I'm laying on a couch in my grandma's house, covered by an Afghan she made years ago. She is watching the Yankees (though she's a die hard Red Sox fan) and my dad is snoring away in his childhood bedroom. After having successfully avoided a thick slab of meatloaf in the shape of a bundt cake, I have not been successful in acquiring internet. I'm trying to steal wireless from the neighbors but it's not working. Ugh.

Goodbye Boston! My final week in Myles went by fast. Packing was very therapeutic. Weeding through all of my belongings helped clear my mind. It's important to deal with clutter and choose what stays and goes (with people as well as belongings.)

I feel like I've accomplished a lot when I throw junk away.
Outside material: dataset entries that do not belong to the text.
lemma lang_pos_LimInfVal_pwa_product_min:
  "lang_pos LimInfVal (pwa_product min A1 A2) w = min (lang_pos LimInfVal A1 w) (lang_pos LimInfVal A2 w)"
proof -
  interpret p2: prob_space "run_measure A2 w" by (rule prob_space_run_measure)
  let ?pos = "\<lambda>A. {\<eta>. emeasure (run_measure A w) (threshold_event LimInfVal A w \<eta>) > 0}"
  have pos_product: "?pos (pwa_product min A1 A2) = ?pos A1 \<inter> ?pos A2"
    by (simp add: emeasure_run_measure_pwa_product sets_threshold_event
        borel_measurable_LimInfVal_weight_seq vimage_pair_runs_threshold_event_min
        p2.emeasure_pair_measure_Times ennreal_zero_less_mult_iff Collect_conj_eq)
  have pos_downward_closed: "\<eta>' \<in> ?pos A" if "\<eta> \<in> ?pos A" "\<eta>' \<le> \<eta>" for A :: "'a pwa" and \<eta> \<eta>'
  proof -
    have "emeasure (run_measure A w) (threshold_event LimInfVal A w \<eta>)
        \<le> emeasure (run_measure A w) (threshold_event LimInfVal A w \<eta>')"
      by (rule emeasure_mono[OF threshold_event_antimono[OF \<open>\<eta>' \<le> \<eta>\<close>]])
         (simp add: sets_threshold_event borel_measurable_LimInfVal_weight_seq)
    with \<open>\<eta> \<in> ?pos A\<close> show ?thesis by auto
  qed
  show ?thesis
    unfolding lang_pos_eq_Sup_threshold_event pos_product
    by (rule Sup_ereal_Int_downward_closed) (rule pos_downward_closed; assumption)+
qed

theorem lemma17:
  shows "(\<forall>A1 A2 :: ('a::finite) pwa. wf_pwa A1 \<and> wf_pwa A2 \<longrightarrow>
            (\<exists>A :: 'a pwa. wf_pwa A \<and>
               (\<forall>w. lang_as LimSupVal A w = max (lang_as LimSupVal A1 w) (lang_as LimSupVal A2 w))))
       \<and> (\<forall>A1 A2 :: ('a::finite) pwa. wf_pwa A1 \<and> wf_pwa A2 \<longrightarrow>
            (\<exists>A :: 'a pwa. wf_pwa A \<and>
               (\<forall>w. lang_pos LimInfVal A w = min (lang_pos LimInfVal A1 w) (lang_pos LimInfVal A2 w))))"
  by (metis wf_pwa_product lang_as_LimSupVal_pwa_product_max lang_pos_LimInfVal_pwa_product_min)

end
(* For the gossip USD, distinct opinions $i,j\in[k]$, $\varepsilon\in[0,1]$, and every $t\ge1$, writing $\delta^{(\varepsilon)}_t=\alpha_t(i)-(1+\varepsilon)\alpha_t(j)$ and $\delta_t=\delta^{(0)}_t$: (1) $\mathbb E_{t-1}[\delta^{(\varepsilon)}_t]=\delta^{(\varepsilon)}_{t-1}\big(\alpha_{t-1}(i)+\alpha_{t-1}(j)+2(1-\beta_{t-1})\big)+\varepsilon\,\alpha_{t-1}(i)\alpha_{t-1}(j)$. In particular, if $\beta_{t-1}>0$, then $\mathbb E_{t-1}[\delta_t]=\delta_{t-1}\Big(1+\alpha_{t-1}(i)+\alpha_{t-1}(j)-\frac{\gamma_{t-1}+\psi_{t-1}}{\beta_{t-1}}\Big)$. (2) $\mathrm{Var}_{t-1}[\delta_t]\ge\frac{(1-\beta_{t-1})^2}{n}\big(\alpha_{t-1}(i)+\alpha_{t-1}(j)\big)$. (3) Conditioned on $\mathcal F_{t-1}$, $\delta^{(\varepsilon)}_t-\mathbb E_{t-1}[\delta^{(\varepsilon)}_t]$ satisfies the $\big(\frac{2(1+\varepsilon)}{n},\ \frac2n(\alpha_{t-1}(i)+(1+\varepsilon)^2\alpha_{t-1}(j))\big)$-Bernstein condition.
   Context: Vertex set $V$, $|V|=n$; opinions in $\Sigma=[k]\cup\{\bot\}$ ($\bot$ = undecided). USD update rule: $\mathsf{update}(\sigma_1,\sigma_2)=\bot$ if $\sigma_1,\sigma_2\in[k]$ and $\sigma_1\ne\sigma_2$; $=\sigma_2$ if $\sigma_1=\bot$; $=\sigma_1$ otherwise. Gossip USD: given $\mathrm{opn}_t\in\Sigma^V$, every $u\in V$ independently picks $v$ uniformly from $V$ and sets $\mathrm{opn}_{t+1}(u)=\mathsf{update}(\mathrm{opn}_t(u),\mathrm{opn}_t(v))$. Notation: $\alpha_t(i)=|\{u:\mathrm{opn}_t(u)=i\}|/n$, $\beta_t=\sum_{i\in[k]}\alpha_t(i)$, $\gamma_t=\sum_{i\in[k]}\alpha_t(i)^2$, $\psi_t=\beta_t(2\beta_t-1)-\gamma_t$. $(\mathcal F_t)$ is the natural filtration; $\mathbb E_{t-1},\mathrm{Var}_{t-1}$ are conditional on $\mathcal F_{t-1}$. Bernstein condition: for $D,s\ge0$, $X$ satisfies the $(D,s)$-Bernstein condition if $\mathbb E[e^{\lambda X}]\le\exp\!\big(\frac{\lambda^2 s/2}{1-|\lambda|D/3}\big)$ for all real $\lambda$ with $|\lambda|D<3$ (one-sided: only for $\lambda\ge0$). Conditioned on $\mathcal F_{t-1}$: the same with $\mathbb E_{t-1}$, almost surely. *)

theory Defs
  imports "HOL-Probability.Probability"
begin

text \<open>Opinions: None is the undecided opinion, Some i with i in {1..k} a decided opinion.\<close>

fun usd_update :: "nat option \<Rightarrow> nat option \<Rightarrow> nat option" where
  "usd_update None s2 = s2"
| "usd_update (Some a) None = Some a"
| "usd_update (Some a) (Some b) = (if a = b then Some a else None)"

text \<open>One step of gossip USD from configuration opn: every vertex u of V independently
  picks v uniformly from V and updates. This is the law of opn_t given F_(t-1).\<close>
definition gossip_step :: "'v set \<Rightarrow> ('v \<Rightarrow> nat option) \<Rightarrow> ('v \<Rightarrow> nat option) pmf" where
  "gossip_step V opn =
     map_pmf (\<lambda>c u. usd_update (opn u) (opn (c u))) (Pi_pmf V undefined (\<lambda>_. pmf_of_set V))"

definition alpha :: "'v set \<Rightarrow> ('v \<Rightarrow> nat option) \<Rightarrow> nat \<Rightarrow> real" where
  "alpha V opn i = real (card {u \<in> V. opn u = Some i}) / real (card V)"

definition beta :: "'v set \<Rightarrow> nat \<Rightarrow> ('v \<Rightarrow> nat option) \<Rightarrow> real" where
  "beta V k opn = (\<Sum>i\<in>{1..k}. alpha V opn i)"

definition gamma :: "'v set \<Rightarrow> nat \<Rightarrow> ('v \<Rightarrow> nat option) \<Rightarrow> real" where
  "gamma V k opn = (\<Sum>i\<in>{1..k}. (alpha V opn i)\<^sup>2)"

definition psi :: "'v set \<Rightarrow> nat \<Rightarrow> ('v \<Rightarrow> nat option) \<Rightarrow> real" where
  "psi V k opn = beta V k opn * (2 * beta V k opn - 1) - gamma V k opn"

definition bernstein_cond :: "'a measure \<Rightarrow> ('a \<Rightarrow> real) \<Rightarrow> real \<Rightarrow> real \<Rightarrow> bool" where
  "bernstein_cond M X D s \<longleftrightarrow>
     (\<forall>l::real. \<bar>l\<bar> * D < 3 \<longrightarrow>
        (\<integral>x. exp (l * X x) \<partial>M) \<le> exp ((l\<^sup>2 * s / 2) / (1 - \<bar>l\<bar> * D / 3)))"

end

theory Submission
  imports Defs
begin

(* Given the configuration at time t-1, the new opinions of distinct vertices are independent,
   since each depends only on the vertex's own uniformly chosen partner. Hence every statistic
   of the form sum_u phi(opn_t u), in particular delta_t, is a sum of independent bounded terms.
   Its mean is obtained by counting pairs (u, w) according to the update rule, which gives
   E alpha_t(l) = alpha(l) (alpha(l) + 2 (1 - beta)); its variance is the sum of the per-vertex
   variances, and the undecided vertices alone already contribute the claimed lower bound; the
   Bernstein condition follows by multiplying the per-vertex moment generating functions, each
   bounded with exp x <= 1 + x + x^2 / 2 / (1 - |x| / 3). *)

lemma finite_set_Pi_pmf:
  assumes "finite A" "\<And>x. x \<in> A \<Longrightarrow> finite (set_pmf (p x))"
  shows "finite (set_pmf (Pi_pmf A dflt p))"
  using assms by (auto simp: set_Pi_pmf)

lemma expectation_Pi_pmf_component:
  fixes f :: "'b \<Rightarrow> real"
  assumes "finite A" "x \<in> A"
  shows "measure_pmf.expectation (Pi_pmf A dflt p) (\<lambda>c. f (c x)) = measure_pmf.expectation (p x) f"
proof -
  have "measure_pmf.expectation (Pi_pmf A dflt p) (\<lambda>c. f (c x)) =
      measure_pmf.expectation (map_pmf (\<lambda>c. c x) (Pi_pmf A dflt p)) f"
    by simp
  also have "\<dots> = measure_pmf.expectation (p x) f"
    using assms by (simp add: Pi_pmf_component)
  finally show ?thesis .
qed

lemma expectation_Pi_pmf_sum:
  fixes f :: "'a \<Rightarrow> 'b \<Rightarrow> real"
  assumes "finite A" "\<And>x. x \<in> A \<Longrightarrow> finite (set_pmf (p x))"
  shows "measure_pmf.expectation (Pi_pmf A dflt p) (\<lambda>c. \<Sum>x\<in>A. f x (c x))
       = (\<Sum>x\<in>A. measure_pmf.expectation (p x) (f x))"
  using assms
  by (simp add: Bochner_Integration.integral_sum integrable_measure_pmf_finite
      finite_set_Pi_pmf expectation_Pi_pmf_component)

lemma expectation_Pi_pmf_mult:
  fixes f g :: "'b \<Rightarrow> real"
  assumes "finite A" "\<And>x. x \<in> A \<Longrightarrow> finite (set_pmf (p x))" "x \<in> A" "y \<in> A" "x \<noteq> y"
  shows "measure_pmf.expectation (Pi_pmf A dflt p) (\<lambda>c. f (c x) * g (c y))
       = measure_pmf.expectation (p x) f * measure_pmf.expectation (p y) g"
proof -
  let ?P = "measure_pmf (Pi_pmf A dflt p)"
  have indep: "prob_space.indep_vars ?P (\<lambda>_. borel) (\<lambda>z c. (if z = x then f else g) (c z)) {x, y}"
    using assms
    by (intro prob_space.indep_vars_subset[OF _ prob_space.indep_vars_compose2[OF _ indep_vars_Pi_pmf]])
      (auto simp: measure_pmf.prob_space_axioms)
  have "measure_pmf.expectation (Pi_pmf A dflt p) (\<lambda>c. \<Prod>z\<in>{x, y}. (if z = x then f else g) (c z))
      = (\<Prod>z\<in>{x, y}. measure_pmf.expectation (Pi_pmf A dflt p) (\<lambda>c. (if z = x then f else g) (c z)))"
    using assms
    by (intro prob_space.indep_vars_lebesgue_integral[OF measure_pmf.prob_space_axioms _ indep])
      (auto simp: integrable_measure_pmf_finite finite_set_Pi_pmf)
  then show ?thesis
    using assms by (simp add: expectation_Pi_pmf_component)
qed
I made 11 dollars at the liquor store recycling over 200 beer cans from the semester. I found clothes I thought I'd lose and paperwork I though was trashed. I threw away broken speakers, old projects and worn clothes. Half of my possessions will now reside in my grandmother's attic while the other half journeys back to Michigan with me.

There goes another year! Time to get ready to get a real job and venture into a house of four girlfriends nestled deep in the heart of the University of Michigan campus. It'll be interesting to see how other college kids live. I'm sure it's different than 426. Although the girl I'm subletting from calls me "girl" and "girly" in all her e-mails, so it can't be that different.